→ MATERIAL FOR THIS EXERCISE

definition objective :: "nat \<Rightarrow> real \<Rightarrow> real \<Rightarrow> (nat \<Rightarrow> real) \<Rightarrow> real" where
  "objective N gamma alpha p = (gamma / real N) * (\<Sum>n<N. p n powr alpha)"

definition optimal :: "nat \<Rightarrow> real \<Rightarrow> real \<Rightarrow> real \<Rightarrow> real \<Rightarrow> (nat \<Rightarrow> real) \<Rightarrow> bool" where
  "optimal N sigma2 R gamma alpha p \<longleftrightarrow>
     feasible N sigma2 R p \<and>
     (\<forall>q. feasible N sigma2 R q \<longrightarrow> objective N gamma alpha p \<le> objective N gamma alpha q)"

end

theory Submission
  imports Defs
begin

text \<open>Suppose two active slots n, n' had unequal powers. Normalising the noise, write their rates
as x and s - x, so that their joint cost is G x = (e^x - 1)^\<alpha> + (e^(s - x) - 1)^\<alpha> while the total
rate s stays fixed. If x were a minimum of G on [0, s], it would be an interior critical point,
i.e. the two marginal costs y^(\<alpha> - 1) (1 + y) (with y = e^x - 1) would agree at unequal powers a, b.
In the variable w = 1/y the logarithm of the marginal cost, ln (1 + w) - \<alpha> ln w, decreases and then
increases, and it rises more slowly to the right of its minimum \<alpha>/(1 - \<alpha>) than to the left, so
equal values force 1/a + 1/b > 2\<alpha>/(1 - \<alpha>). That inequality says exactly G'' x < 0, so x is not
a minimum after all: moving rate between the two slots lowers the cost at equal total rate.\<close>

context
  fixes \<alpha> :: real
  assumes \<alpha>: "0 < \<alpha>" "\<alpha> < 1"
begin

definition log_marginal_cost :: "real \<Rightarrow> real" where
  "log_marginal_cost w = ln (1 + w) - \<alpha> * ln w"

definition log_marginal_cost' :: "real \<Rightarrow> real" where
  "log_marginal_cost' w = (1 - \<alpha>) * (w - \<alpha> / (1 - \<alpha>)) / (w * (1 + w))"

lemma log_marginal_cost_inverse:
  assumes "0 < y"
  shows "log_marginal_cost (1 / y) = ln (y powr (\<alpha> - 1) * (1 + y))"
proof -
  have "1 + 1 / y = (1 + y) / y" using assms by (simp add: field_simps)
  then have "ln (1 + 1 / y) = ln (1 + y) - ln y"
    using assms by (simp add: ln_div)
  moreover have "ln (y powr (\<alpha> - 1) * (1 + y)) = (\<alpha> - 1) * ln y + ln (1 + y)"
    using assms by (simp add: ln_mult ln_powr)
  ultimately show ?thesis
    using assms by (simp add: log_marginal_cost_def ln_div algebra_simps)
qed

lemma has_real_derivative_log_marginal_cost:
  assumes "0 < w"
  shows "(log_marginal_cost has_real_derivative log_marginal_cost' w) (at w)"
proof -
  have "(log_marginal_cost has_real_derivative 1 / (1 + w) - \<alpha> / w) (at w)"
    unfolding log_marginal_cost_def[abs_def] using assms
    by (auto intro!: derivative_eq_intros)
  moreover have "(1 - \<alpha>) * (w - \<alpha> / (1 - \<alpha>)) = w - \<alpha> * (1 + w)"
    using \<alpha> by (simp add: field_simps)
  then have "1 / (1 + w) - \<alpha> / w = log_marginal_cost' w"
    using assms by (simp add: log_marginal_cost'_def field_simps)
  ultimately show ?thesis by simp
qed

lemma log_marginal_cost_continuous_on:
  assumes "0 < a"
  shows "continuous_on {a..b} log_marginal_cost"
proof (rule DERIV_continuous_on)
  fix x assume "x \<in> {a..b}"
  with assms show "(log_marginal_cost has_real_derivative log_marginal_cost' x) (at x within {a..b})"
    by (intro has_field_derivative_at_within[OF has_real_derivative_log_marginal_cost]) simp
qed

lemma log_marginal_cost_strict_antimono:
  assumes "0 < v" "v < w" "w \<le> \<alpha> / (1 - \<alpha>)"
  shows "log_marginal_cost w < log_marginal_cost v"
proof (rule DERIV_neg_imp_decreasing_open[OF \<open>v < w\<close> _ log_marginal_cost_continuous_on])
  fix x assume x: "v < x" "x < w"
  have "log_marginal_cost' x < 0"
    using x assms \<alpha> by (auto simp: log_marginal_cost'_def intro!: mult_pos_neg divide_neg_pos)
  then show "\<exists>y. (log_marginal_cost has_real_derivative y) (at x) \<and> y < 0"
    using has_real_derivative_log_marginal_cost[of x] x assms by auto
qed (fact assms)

→ PROBLEM STATEMENT
Print the material once more, exactly as it appears.

→ RESULT BELOW
definition objective :: "nat \<Rightarrow> real \<Rightarrow> real \<Rightarrow> (nat \<Rightarrow> real) \<Rightarrow> real" where
  "objective N gamma alpha p = (gamma / real N) * (\<Sum>n<N. p n powr alpha)"

definition optimal :: "nat \<Rightarrow> real \<Rightarrow> real \<Rightarrow> real \<Rightarrow> real \<Rightarrow> (nat \<Rightarrow> real) \<Rightarrow> bool" where
  "optimal N sigma2 R gamma alpha p \<longleftrightarrow>
     feasible N sigma2 R p \<and>
     (\<forall>q. feasible N sigma2 R q \<longrightarrow> objective N gamma alpha p \<le> objective N gamma alpha q)"

end

theory Submission
  imports Defs
begin

text \<open>Suppose two active slots n, n' had unequal powers. Normalising the noise, write their rates
as x and s - x, so that their joint cost is G x = (e^x - 1)^\<alpha> + (e^(s - x) - 1)^\<alpha> while the total
rate s stays fixed. If x were a minimum of G on [0, s], it would be an interior critical point,
i.e. the two marginal costs y^(\<alpha> - 1) (1 + y) (with y = e^x - 1) would agree at unequal powers a, b.
In the variable w = 1/y the logarithm of the marginal cost, ln (1 + w) - \<alpha> ln w, decreases and then
increases, and it rises more slowly to the right of its minimum \<alpha>/(1 - \<alpha>) than to the left, so
equal values force 1/a + 1/b > 2\<alpha>/(1 - \<alpha>). That inequality says exactly G'' x < 0, so x is not
a minimum after all: moving rate between the two slots lowers the cost at equal total rate.\<close>

context
  fixes \<alpha> :: real
  assumes \<alpha>: "0 < \<alpha>" "\<alpha> < 1"
begin

definition log_marginal_cost :: "real \<Rightarrow> real" where
  "log_marginal_cost w = ln (1 + w) - \<alpha> * ln w"

definition log_marginal_cost' :: "real \<Rightarrow> real" where
  "log_marginal_cost' w = (1 - \<alpha>) * (w - \<alpha> / (1 - \<alpha>)) / (w * (1 + w))"

lemma log_marginal_cost_inverse:
  assumes "0 < y"
  shows "log_marginal_cost (1 / y) = ln (y powr (\<alpha> - 1) * (1 + y))"
proof -
  have "1 + 1 / y = (1 + y) / y" using assms by (simp add: field_simps)
  then have "ln (1 + 1 / y) = ln (1 + y) - ln y"
    using assms by (simp add: ln_div)
  moreover have "ln (y powr (\<alpha> - 1) * (1 + y)) = (\<alpha> - 1) * ln y + ln (1 + y)"
    using assms by (simp add: ln_mult ln_powr)
  ultimately show ?thesis
    using assms by (simp add: log_marginal_cost_def ln_div algebra_simps)
qed

lemma has_real_derivative_log_marginal_cost:
  assumes "0 < w"
  shows "(log_marginal_cost has_real_derivative log_marginal_cost' w) (at w)"
proof -
  have "(log_marginal_cost has_real_derivative 1 / (1 + w) - \<alpha> / w) (at w)"
    unfolding log_marginal_cost_def[abs_def] using assms
    by (auto intro!: derivative_eq_intros)
  moreover have "(1 - \<alpha>) * (w - \<alpha> / (1 - \<alpha>)) = w - \<alpha> * (1 + w)"
    using \<alpha> by (simp add: field_simps)
  then have "1 / (1 + w) - \<alpha> / w = log_marginal_cost' w"
    using assms by (simp add: log_marginal_cost'_def field_simps)
  ultimately show ?thesis by simp
qed

lemma log_marginal_cost_continuous_on:
  assumes "0 < a"
  shows "continuous_on {a..b} log_marginal_cost"
proof (rule DERIV_continuous_on)
  fix x assume "x \<in> {a..b}"
  with assms show "(log_marginal_cost has_real_derivative log_marginal_cost' x) (at x within {a..b})"
    by (intro has_field_derivative_at_within[OF has_real_derivative_log_marginal_cost]) simp
qed

lemma log_marginal_cost_strict_antimono:
  assumes "0 < v" "v < w" "w \<le> \<alpha> / (1 - \<alpha>)"
  shows "log_marginal_cost w < log_marginal_cost v"
proof (rule DERIV_neg_imp_decreasing_open[OF \<open>v < w\<close> _ log_marginal_cost_continuous_on])
  fix x assume x: "v < x" "x < w"
  have "log_marginal_cost' x < 0"
    using x assms \<alpha> by (auto simp: log_marginal_cost'_def intro!: mult_pos_neg divide_neg_pos)
  then show "\<exists>y. (log_marginal_cost has_real_derivative y) (at x) \<and> y < 0"
    using has_real_derivative_log_marginal_cost[of x] x assms by auto
qed (fact assms)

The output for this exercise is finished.